• Saved data entries:
⁂

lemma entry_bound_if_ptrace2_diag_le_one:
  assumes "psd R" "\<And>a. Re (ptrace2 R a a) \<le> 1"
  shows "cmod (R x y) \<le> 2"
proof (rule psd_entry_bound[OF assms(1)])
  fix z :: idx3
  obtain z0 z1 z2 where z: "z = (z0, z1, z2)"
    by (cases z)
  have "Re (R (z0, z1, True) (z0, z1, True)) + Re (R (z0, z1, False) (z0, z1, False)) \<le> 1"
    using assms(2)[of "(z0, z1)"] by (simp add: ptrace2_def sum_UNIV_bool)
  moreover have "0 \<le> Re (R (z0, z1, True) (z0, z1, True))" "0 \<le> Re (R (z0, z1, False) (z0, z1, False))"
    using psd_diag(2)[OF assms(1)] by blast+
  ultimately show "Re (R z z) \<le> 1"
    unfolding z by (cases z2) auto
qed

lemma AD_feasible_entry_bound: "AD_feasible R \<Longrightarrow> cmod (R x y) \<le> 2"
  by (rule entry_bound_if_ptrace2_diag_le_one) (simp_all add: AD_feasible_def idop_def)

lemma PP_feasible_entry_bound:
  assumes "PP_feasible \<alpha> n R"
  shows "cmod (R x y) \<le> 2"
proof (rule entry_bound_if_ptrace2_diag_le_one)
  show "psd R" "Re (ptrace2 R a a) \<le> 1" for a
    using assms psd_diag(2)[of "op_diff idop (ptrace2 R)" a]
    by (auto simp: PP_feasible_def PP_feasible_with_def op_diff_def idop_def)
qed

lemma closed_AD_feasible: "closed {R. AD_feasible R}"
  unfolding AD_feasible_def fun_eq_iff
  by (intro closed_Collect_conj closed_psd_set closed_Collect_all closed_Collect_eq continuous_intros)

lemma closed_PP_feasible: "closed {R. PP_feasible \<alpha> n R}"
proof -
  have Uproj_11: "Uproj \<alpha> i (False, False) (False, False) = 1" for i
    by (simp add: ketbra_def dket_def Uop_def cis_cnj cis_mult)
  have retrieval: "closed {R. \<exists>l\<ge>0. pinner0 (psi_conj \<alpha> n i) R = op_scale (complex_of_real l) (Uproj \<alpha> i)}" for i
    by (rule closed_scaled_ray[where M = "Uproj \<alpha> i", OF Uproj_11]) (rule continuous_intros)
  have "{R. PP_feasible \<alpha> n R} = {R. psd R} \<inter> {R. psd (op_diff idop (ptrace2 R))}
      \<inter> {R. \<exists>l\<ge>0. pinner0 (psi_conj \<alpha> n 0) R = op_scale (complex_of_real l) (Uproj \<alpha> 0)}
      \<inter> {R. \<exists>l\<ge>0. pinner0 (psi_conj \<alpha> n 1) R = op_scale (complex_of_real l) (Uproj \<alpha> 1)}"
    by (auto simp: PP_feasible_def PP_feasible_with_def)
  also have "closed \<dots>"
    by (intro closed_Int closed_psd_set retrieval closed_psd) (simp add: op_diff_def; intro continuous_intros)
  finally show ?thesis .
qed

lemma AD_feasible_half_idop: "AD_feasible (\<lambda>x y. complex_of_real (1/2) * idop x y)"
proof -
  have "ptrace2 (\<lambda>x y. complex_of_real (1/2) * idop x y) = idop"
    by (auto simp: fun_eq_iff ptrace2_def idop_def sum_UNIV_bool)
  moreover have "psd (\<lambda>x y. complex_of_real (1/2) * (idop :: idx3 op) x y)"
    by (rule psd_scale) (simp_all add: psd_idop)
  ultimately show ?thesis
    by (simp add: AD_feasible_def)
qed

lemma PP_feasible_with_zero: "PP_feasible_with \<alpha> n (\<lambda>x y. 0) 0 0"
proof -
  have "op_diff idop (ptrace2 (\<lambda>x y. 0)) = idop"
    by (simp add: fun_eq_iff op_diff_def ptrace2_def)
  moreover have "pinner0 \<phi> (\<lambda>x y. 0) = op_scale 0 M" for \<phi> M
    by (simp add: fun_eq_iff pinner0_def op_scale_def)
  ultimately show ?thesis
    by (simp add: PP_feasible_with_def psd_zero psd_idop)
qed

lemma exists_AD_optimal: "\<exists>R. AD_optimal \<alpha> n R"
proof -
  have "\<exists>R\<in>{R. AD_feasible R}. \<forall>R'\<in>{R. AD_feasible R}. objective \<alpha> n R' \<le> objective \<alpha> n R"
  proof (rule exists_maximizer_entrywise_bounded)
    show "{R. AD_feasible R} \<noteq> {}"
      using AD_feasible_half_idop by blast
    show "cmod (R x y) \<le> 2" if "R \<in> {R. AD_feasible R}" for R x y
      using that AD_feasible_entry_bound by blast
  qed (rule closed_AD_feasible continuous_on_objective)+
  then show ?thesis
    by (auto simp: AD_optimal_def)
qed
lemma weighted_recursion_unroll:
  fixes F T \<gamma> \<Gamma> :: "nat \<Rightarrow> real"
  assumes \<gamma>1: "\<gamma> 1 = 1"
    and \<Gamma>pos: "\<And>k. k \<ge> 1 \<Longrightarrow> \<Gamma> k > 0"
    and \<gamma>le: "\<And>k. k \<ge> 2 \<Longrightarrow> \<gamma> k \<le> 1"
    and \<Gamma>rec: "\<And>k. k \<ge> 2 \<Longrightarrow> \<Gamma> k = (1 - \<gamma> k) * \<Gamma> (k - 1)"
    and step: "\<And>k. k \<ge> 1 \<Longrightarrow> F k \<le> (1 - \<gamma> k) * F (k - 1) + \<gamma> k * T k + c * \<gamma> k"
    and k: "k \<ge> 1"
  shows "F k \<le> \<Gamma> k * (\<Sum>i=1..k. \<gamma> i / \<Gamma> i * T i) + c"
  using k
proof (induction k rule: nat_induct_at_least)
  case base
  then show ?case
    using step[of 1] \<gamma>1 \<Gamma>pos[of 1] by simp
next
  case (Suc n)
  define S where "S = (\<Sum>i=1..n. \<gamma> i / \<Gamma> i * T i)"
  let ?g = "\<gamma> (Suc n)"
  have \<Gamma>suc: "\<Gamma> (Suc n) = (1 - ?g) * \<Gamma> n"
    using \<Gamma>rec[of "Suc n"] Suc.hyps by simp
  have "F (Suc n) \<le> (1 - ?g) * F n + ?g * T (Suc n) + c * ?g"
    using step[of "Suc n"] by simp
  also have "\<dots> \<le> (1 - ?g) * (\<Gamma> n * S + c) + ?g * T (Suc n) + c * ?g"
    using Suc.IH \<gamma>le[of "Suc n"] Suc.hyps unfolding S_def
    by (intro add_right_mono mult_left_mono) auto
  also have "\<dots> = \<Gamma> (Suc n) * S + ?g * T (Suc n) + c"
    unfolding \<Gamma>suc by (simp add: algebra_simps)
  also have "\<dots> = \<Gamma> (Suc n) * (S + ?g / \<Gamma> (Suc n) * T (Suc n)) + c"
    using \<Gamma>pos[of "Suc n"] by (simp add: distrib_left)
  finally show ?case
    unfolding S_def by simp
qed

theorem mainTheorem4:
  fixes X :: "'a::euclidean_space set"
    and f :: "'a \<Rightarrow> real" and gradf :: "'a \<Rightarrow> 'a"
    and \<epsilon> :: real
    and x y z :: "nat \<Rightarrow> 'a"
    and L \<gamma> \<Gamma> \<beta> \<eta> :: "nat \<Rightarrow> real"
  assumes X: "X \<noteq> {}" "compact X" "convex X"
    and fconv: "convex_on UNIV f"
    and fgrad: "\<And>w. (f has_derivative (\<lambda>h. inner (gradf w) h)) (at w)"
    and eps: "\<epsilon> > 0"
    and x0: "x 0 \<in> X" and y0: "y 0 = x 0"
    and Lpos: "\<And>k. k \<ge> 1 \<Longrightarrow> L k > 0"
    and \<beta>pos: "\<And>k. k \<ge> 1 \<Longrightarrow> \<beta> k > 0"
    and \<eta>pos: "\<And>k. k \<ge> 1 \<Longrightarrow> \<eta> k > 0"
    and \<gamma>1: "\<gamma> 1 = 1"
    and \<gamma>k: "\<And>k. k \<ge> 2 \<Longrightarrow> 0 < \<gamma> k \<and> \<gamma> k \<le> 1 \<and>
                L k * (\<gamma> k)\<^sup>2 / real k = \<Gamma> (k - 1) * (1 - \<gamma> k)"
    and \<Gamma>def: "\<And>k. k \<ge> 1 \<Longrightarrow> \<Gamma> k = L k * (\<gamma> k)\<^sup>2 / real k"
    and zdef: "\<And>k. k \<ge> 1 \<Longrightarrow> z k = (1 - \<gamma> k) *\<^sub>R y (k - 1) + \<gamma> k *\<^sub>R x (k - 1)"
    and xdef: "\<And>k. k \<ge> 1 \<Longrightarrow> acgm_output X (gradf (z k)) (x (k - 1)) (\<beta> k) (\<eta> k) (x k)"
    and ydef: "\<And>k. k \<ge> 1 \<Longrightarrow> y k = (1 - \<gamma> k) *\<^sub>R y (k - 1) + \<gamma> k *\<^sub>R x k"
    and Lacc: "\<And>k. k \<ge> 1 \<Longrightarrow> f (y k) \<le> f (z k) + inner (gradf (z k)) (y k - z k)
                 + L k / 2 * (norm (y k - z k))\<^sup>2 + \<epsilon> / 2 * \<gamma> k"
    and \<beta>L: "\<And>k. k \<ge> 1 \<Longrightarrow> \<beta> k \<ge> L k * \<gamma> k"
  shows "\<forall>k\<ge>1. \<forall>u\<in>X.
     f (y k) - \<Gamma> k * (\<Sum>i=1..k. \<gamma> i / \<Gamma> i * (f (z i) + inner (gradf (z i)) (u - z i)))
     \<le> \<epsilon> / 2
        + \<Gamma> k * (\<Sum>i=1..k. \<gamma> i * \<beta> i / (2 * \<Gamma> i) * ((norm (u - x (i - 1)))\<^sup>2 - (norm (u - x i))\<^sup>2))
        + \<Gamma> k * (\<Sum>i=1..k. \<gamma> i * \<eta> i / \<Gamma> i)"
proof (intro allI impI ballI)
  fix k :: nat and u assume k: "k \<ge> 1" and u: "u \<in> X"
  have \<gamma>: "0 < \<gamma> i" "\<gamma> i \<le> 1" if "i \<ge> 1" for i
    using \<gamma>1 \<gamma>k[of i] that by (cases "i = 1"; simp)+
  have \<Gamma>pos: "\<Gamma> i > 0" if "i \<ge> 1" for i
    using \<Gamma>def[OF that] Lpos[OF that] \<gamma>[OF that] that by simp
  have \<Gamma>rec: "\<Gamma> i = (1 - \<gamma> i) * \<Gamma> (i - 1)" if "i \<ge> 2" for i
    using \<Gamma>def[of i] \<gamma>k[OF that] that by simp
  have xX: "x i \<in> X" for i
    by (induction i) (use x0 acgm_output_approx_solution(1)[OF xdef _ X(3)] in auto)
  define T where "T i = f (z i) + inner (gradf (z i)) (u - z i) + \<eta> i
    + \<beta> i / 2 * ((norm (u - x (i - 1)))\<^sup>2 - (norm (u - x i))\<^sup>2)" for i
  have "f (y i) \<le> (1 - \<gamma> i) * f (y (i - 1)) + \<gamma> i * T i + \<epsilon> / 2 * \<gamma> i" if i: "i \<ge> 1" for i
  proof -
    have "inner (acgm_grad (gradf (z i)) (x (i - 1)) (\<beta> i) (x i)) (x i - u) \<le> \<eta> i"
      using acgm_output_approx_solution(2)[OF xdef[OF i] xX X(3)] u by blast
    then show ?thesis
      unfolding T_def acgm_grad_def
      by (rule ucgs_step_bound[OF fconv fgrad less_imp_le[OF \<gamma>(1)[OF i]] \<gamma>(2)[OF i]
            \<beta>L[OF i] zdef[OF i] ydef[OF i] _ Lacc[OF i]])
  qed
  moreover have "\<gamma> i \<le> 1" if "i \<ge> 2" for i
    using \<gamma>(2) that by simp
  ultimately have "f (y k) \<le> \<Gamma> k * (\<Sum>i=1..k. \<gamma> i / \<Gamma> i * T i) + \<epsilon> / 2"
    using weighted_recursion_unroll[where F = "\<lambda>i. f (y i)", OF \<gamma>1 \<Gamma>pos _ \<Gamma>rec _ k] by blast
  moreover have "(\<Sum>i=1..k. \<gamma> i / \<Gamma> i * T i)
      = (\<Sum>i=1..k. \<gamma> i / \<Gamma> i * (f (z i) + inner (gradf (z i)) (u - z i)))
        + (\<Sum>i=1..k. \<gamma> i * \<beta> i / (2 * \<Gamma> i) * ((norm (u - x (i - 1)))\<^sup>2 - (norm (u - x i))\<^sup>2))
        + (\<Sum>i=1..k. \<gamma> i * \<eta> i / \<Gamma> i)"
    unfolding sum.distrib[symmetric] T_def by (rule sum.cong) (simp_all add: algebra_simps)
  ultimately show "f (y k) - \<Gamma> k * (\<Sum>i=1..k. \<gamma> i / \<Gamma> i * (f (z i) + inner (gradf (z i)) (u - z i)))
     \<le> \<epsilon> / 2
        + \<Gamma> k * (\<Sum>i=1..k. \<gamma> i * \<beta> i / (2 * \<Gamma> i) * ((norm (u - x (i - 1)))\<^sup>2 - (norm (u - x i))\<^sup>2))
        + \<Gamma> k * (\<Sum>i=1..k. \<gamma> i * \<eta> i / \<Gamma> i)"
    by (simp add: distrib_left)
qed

⁂

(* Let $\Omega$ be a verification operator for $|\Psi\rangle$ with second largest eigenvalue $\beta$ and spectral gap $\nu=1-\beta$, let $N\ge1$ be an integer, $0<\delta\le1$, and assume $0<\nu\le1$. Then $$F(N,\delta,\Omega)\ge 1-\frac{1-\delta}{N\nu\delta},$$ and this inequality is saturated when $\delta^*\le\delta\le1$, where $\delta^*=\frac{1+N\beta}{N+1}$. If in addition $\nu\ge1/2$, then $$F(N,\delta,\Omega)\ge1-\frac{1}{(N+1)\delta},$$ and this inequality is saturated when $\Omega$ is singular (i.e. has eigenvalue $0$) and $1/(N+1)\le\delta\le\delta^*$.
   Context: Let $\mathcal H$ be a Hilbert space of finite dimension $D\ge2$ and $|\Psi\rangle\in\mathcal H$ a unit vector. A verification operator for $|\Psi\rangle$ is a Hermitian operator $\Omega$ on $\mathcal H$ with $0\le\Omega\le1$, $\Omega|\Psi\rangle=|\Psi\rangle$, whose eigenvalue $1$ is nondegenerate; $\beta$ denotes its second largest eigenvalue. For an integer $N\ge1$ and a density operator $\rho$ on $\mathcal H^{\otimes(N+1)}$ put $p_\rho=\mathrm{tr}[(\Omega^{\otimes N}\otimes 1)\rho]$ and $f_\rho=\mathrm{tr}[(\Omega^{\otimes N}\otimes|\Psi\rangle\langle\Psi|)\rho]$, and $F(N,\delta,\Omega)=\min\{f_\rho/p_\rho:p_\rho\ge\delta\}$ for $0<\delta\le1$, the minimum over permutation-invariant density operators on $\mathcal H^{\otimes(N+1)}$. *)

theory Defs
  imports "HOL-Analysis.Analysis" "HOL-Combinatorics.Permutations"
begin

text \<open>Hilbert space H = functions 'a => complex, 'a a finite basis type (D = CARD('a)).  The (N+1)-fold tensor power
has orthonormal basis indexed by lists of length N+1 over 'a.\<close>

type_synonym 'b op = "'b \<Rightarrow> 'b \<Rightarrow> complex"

⁂

• TASK BRIEF:
Supply the count of lines in the entries that include "fgrad", and no other text.

• SOLUTION FOR THIS TASK:
2